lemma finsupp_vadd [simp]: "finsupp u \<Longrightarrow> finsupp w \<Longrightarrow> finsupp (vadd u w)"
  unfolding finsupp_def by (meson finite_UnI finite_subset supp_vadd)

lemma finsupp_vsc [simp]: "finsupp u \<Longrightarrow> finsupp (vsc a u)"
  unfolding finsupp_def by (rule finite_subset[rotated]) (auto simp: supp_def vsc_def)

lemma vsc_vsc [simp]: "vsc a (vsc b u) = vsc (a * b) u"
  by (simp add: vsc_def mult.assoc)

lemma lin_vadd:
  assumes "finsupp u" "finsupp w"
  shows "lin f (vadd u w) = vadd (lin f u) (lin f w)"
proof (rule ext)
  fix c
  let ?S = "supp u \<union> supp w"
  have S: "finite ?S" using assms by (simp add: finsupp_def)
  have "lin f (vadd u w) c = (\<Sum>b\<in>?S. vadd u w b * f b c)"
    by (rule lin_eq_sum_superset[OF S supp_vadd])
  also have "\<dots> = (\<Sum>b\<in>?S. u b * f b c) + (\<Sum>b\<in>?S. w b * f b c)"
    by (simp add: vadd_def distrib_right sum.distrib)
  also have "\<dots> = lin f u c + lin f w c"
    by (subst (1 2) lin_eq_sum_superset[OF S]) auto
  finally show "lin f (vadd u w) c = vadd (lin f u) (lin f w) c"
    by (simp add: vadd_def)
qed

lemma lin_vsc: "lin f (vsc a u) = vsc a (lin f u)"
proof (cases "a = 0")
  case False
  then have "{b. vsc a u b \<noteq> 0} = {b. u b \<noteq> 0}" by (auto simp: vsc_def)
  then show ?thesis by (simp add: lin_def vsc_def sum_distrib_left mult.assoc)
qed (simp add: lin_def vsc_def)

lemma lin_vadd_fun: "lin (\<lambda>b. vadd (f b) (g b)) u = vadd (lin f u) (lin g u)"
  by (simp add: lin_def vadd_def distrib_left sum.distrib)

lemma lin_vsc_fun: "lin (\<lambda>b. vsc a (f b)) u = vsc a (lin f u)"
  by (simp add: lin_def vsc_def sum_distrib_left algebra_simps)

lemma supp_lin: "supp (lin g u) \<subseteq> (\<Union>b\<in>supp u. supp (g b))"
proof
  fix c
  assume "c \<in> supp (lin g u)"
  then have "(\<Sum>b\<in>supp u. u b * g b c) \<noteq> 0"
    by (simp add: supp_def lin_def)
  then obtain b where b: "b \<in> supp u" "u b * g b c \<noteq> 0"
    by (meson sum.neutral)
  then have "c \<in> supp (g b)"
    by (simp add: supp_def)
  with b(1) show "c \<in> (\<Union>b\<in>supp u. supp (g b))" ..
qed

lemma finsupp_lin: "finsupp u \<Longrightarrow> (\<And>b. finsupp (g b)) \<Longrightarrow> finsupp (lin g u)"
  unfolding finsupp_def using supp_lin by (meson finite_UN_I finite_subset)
_____
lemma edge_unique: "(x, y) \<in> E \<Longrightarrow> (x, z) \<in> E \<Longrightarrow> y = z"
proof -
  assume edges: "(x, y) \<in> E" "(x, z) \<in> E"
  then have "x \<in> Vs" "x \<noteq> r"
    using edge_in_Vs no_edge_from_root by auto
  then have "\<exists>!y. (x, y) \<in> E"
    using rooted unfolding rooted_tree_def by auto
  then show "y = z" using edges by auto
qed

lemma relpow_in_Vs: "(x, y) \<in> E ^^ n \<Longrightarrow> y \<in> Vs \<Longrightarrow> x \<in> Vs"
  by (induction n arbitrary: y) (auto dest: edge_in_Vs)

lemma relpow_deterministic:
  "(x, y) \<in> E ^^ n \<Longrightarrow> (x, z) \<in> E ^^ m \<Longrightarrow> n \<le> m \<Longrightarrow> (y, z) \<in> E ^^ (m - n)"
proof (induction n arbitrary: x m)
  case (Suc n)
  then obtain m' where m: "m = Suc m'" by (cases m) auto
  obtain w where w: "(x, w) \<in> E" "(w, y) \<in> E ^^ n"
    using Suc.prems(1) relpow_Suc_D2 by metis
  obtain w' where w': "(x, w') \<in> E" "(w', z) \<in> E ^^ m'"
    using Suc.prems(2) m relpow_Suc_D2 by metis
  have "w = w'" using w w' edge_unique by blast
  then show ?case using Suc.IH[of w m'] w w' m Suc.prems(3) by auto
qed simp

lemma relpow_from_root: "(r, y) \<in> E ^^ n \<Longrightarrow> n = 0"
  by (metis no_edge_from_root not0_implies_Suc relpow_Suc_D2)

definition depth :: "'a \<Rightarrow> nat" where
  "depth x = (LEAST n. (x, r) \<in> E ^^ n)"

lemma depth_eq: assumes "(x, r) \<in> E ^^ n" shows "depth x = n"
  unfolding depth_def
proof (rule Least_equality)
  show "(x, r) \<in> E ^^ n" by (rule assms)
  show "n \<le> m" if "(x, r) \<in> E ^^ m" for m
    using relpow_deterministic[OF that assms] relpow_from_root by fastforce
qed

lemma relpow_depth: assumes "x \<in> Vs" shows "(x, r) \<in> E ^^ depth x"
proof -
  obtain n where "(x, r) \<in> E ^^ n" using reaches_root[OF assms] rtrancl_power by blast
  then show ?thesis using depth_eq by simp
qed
_____
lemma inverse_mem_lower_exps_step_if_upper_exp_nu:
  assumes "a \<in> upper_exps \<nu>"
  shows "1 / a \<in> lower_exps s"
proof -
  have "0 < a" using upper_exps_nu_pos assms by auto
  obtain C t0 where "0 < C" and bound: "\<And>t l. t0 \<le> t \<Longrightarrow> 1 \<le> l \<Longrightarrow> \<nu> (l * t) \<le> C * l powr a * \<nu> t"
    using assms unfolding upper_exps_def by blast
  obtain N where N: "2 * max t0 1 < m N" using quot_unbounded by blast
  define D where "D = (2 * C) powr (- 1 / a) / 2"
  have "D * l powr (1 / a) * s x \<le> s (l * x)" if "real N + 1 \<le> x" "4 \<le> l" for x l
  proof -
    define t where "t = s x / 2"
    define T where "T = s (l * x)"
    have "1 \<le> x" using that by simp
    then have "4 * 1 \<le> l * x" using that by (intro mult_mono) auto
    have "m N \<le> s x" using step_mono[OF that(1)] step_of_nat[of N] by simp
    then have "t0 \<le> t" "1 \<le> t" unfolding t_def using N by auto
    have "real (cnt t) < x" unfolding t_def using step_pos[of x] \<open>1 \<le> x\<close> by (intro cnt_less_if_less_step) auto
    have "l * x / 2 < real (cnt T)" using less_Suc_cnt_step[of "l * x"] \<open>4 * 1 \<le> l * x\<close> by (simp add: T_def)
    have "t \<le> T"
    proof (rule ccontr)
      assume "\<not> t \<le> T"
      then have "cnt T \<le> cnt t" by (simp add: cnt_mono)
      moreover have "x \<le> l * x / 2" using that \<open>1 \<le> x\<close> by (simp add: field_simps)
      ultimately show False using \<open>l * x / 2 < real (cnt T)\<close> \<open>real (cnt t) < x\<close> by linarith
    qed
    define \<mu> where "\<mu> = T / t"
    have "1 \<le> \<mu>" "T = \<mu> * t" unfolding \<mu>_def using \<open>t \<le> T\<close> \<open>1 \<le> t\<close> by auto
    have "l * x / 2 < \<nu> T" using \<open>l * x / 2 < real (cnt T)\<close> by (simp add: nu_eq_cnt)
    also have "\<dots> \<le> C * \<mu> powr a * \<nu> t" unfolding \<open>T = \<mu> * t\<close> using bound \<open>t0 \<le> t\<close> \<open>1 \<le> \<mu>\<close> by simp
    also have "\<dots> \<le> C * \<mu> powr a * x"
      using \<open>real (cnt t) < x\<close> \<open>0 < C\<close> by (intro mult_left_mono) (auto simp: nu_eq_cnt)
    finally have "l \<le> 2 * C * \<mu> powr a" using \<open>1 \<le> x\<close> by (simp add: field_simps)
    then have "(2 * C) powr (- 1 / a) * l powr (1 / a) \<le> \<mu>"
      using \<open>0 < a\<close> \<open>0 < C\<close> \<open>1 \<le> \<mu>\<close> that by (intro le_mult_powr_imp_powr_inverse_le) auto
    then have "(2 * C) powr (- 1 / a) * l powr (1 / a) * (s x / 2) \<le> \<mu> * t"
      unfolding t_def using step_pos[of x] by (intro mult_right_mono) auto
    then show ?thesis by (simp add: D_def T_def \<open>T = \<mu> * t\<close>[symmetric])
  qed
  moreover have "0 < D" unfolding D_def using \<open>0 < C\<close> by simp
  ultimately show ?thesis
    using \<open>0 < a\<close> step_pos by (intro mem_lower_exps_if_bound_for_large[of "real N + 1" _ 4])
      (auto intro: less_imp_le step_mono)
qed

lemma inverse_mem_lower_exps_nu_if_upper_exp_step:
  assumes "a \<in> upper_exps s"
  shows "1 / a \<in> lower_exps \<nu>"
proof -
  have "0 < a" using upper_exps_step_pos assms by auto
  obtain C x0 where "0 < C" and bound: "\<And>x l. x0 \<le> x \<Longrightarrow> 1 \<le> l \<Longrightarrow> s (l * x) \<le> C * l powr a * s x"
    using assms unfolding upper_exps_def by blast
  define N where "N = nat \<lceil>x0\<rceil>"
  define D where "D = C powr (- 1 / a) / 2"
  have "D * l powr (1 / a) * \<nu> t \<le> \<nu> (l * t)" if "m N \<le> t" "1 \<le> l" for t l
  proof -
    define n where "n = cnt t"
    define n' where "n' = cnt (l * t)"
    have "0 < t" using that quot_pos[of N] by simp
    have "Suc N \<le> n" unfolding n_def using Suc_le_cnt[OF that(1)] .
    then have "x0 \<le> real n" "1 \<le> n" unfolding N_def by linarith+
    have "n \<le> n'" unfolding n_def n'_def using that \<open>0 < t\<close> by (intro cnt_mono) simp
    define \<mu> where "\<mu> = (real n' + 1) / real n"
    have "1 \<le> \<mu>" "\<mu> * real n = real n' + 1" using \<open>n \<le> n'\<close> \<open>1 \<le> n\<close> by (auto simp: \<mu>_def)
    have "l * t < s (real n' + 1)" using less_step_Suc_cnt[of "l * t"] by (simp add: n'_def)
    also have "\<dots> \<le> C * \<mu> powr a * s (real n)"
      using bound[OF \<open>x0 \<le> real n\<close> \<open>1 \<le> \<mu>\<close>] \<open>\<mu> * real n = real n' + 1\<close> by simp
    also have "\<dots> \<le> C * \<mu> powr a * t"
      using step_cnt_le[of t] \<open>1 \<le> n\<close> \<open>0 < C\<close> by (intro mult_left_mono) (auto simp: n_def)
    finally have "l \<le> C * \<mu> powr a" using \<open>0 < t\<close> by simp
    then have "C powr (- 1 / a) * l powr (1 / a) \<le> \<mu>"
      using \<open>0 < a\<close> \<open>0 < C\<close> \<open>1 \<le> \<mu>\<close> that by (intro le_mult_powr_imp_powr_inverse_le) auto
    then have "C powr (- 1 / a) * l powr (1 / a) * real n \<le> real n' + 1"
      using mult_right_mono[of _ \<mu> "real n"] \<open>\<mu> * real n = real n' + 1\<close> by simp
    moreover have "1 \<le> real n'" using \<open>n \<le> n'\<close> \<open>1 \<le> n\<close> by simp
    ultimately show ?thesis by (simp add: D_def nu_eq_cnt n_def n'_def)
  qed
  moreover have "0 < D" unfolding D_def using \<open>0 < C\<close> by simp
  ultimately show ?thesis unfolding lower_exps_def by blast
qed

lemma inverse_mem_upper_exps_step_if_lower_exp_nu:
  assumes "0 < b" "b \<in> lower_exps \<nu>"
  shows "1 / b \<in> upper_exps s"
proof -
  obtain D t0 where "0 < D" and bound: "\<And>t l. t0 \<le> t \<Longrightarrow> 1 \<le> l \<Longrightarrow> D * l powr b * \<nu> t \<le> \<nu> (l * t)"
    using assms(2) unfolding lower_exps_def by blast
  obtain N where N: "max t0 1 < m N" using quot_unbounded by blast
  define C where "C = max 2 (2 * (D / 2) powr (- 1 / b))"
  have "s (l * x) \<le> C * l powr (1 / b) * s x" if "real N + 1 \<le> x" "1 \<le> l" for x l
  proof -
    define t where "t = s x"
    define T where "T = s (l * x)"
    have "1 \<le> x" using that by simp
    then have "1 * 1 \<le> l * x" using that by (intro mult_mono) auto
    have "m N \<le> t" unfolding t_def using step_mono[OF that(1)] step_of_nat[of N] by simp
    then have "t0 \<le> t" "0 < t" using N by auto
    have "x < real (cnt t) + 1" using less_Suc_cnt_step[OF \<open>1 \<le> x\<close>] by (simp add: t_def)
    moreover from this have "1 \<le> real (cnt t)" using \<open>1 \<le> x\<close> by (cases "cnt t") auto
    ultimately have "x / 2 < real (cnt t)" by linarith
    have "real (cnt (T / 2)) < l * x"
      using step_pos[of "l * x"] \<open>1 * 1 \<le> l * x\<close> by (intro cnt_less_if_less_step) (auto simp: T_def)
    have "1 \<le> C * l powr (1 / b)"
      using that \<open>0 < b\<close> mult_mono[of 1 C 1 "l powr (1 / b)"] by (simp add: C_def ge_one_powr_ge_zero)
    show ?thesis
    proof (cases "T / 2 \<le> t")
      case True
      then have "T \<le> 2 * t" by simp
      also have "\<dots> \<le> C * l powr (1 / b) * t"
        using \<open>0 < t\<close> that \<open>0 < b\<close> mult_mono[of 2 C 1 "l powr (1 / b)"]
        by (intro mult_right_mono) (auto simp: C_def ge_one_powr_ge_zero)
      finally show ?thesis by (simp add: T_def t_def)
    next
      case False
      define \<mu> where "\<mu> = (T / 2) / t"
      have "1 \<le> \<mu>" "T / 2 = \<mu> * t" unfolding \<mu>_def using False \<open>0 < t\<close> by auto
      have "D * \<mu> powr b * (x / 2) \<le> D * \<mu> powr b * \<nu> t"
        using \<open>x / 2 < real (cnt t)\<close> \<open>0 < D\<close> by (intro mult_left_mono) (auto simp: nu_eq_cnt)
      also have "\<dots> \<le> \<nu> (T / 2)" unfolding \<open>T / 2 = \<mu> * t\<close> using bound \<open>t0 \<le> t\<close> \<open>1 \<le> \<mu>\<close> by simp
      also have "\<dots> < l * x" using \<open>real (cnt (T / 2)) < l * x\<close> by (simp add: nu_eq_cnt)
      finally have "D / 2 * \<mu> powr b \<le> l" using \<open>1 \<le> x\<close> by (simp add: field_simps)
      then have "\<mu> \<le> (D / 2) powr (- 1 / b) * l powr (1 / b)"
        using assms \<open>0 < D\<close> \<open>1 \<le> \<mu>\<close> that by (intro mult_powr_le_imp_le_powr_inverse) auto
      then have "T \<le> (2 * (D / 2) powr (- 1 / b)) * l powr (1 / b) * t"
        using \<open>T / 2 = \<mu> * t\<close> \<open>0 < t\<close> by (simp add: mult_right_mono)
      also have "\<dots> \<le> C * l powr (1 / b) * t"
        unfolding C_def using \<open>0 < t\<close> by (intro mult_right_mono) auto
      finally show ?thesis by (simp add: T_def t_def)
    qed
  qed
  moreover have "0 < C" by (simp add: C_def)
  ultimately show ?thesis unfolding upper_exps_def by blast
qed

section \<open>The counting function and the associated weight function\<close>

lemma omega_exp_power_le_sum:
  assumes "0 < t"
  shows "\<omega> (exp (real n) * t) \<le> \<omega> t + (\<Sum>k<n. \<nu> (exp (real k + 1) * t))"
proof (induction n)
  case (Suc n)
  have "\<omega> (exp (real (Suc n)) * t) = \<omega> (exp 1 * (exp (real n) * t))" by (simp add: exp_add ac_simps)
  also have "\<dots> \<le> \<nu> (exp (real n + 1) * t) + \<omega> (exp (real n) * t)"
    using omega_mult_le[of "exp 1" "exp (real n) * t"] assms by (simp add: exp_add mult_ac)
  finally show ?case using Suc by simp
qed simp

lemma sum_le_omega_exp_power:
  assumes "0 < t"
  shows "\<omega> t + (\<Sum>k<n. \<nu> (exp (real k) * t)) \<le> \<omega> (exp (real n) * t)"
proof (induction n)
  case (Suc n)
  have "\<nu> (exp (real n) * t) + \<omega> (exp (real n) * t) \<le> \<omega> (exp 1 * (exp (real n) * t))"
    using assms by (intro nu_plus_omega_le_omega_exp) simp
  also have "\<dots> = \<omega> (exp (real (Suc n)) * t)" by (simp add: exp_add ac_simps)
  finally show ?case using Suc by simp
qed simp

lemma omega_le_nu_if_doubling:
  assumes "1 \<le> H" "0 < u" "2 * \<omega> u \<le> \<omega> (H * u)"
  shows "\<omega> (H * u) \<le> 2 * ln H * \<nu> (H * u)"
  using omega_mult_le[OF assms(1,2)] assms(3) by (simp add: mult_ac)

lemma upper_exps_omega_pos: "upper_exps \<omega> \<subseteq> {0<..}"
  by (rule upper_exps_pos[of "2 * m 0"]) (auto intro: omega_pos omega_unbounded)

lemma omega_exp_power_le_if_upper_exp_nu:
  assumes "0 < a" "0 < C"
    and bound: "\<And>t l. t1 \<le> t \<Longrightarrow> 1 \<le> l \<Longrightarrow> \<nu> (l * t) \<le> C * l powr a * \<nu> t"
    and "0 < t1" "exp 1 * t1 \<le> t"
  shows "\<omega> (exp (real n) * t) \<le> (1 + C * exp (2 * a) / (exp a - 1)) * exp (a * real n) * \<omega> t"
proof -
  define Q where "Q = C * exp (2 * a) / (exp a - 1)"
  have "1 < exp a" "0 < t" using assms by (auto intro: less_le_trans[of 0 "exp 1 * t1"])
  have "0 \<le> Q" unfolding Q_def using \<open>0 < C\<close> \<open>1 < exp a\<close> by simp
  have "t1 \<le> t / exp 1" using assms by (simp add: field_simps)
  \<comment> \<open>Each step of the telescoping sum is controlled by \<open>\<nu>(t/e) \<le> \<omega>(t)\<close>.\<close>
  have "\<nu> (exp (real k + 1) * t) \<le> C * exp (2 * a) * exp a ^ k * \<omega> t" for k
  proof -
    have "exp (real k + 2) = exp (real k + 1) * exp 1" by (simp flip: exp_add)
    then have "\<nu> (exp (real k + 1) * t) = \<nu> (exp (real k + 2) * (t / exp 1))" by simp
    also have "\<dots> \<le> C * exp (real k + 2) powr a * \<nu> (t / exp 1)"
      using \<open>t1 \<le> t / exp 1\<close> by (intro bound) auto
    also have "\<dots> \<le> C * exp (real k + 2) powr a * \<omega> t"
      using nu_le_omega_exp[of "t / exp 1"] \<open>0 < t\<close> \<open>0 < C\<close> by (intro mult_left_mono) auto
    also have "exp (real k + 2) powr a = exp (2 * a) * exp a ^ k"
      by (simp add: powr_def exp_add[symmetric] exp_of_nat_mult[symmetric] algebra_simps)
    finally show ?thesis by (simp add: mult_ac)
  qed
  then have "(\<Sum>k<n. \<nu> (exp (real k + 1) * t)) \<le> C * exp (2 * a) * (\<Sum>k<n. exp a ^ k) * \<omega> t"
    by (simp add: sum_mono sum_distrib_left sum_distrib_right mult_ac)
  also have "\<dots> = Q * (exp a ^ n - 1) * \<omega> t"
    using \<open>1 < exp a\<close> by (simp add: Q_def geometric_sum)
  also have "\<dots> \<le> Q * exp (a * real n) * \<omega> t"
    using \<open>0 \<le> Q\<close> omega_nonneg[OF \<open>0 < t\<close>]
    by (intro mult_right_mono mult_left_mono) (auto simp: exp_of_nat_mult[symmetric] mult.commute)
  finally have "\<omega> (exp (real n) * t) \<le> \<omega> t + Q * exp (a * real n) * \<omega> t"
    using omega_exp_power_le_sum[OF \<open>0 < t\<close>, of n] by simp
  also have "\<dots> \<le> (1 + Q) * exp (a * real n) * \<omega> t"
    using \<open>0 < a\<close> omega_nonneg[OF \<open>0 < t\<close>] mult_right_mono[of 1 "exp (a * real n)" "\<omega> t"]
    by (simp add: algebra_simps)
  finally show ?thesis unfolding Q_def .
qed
_____
■ The task: Work out how many lines contain the word "prems" in the records, and answer with the number only.

■ Answer area: 3